## Activity
Where a line in the records below includes "whose", pull that line out.

## Recorded data
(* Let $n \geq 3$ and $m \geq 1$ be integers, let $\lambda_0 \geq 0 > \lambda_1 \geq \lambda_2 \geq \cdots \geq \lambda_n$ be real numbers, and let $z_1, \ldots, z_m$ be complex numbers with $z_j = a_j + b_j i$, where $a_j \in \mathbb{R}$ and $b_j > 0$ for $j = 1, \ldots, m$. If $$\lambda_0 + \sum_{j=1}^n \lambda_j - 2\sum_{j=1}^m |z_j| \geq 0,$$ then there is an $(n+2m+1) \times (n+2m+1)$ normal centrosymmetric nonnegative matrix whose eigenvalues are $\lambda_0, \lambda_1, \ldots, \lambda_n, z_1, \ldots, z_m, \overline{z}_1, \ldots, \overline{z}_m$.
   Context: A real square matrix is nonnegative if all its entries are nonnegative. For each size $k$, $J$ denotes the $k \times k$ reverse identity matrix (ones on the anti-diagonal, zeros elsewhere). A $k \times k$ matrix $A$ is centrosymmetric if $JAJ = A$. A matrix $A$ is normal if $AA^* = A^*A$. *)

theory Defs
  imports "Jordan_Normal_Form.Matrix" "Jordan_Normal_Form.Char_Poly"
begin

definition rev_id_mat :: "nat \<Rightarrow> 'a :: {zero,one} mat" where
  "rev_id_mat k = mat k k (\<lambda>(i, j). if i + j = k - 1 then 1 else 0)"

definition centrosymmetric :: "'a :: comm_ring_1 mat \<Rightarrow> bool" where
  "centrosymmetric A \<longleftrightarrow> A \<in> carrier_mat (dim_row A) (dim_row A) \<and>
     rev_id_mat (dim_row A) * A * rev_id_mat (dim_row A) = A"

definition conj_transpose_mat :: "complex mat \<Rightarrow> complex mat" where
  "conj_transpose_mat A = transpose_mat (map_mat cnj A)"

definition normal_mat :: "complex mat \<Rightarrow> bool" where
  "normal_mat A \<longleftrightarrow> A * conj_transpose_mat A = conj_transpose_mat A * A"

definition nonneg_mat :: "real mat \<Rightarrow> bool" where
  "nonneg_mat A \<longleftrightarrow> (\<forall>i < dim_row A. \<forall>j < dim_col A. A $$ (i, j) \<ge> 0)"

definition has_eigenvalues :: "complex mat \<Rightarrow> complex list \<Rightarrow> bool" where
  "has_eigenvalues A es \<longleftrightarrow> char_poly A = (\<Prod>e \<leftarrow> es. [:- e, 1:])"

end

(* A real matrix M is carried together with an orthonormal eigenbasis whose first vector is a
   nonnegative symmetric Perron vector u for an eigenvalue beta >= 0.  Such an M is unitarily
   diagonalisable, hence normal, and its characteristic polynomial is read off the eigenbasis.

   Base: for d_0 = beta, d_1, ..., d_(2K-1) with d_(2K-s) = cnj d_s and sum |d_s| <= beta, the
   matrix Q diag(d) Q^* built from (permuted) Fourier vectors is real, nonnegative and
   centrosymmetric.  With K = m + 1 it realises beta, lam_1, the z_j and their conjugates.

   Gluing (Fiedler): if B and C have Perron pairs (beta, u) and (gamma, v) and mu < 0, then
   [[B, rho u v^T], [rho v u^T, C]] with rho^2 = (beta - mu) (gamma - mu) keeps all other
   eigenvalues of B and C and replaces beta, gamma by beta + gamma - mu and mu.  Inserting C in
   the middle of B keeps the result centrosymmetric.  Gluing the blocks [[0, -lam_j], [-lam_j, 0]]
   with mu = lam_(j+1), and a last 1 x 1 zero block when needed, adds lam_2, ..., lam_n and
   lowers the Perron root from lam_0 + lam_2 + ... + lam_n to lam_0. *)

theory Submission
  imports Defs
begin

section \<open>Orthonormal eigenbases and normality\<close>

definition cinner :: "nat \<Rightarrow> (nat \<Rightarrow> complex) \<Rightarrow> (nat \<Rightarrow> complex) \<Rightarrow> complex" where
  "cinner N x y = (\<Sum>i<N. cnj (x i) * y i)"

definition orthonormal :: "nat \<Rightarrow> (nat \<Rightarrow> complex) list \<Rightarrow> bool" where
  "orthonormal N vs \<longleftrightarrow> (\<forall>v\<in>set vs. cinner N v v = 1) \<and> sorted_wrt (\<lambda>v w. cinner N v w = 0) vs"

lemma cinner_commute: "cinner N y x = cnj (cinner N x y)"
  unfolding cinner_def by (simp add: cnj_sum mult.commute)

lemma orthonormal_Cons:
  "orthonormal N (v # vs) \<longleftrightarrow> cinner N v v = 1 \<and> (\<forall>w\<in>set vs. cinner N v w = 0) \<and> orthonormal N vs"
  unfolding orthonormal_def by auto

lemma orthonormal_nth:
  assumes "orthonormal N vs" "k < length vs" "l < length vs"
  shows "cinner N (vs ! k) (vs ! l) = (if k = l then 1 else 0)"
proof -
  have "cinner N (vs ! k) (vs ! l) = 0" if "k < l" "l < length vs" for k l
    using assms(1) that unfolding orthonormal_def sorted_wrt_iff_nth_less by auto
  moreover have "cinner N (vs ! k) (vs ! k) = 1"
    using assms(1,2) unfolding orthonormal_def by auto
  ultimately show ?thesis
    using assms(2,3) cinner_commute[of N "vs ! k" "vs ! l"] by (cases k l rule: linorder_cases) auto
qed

## Finished exercise
(* Let $n \geq 3$ and $m \geq 1$ be integers, let $\lambda_0 \geq 0 > \lambda_1 \geq \lambda_2 \geq \cdots \geq \lambda_n$ be real numbers, and let $z_1, \ldots, z_m$ be complex numbers with $z_j = a_j + b_j i$, where $a_j \in \mathbb{R}$ and $b_j > 0$ for $j = 1, \ldots, m$. If $$\lambda_0 + \sum_{j=1}^n \lambda_j - 2\sum_{j=1}^m |z_j| \geq 0,$$ then there is an $(n+2m+1) \times (n+2m+1)$ normal centrosymmetric nonnegative matrix whose eigenvalues are $\lambda_0, \lambda_1, \ldots, \lambda_n, z_1, \ldots, z_m, \overline{z}_1, \ldots, \overline{z}_m$.
(* A real matrix M is carried together with an orthonormal eigenbasis whose first vector is a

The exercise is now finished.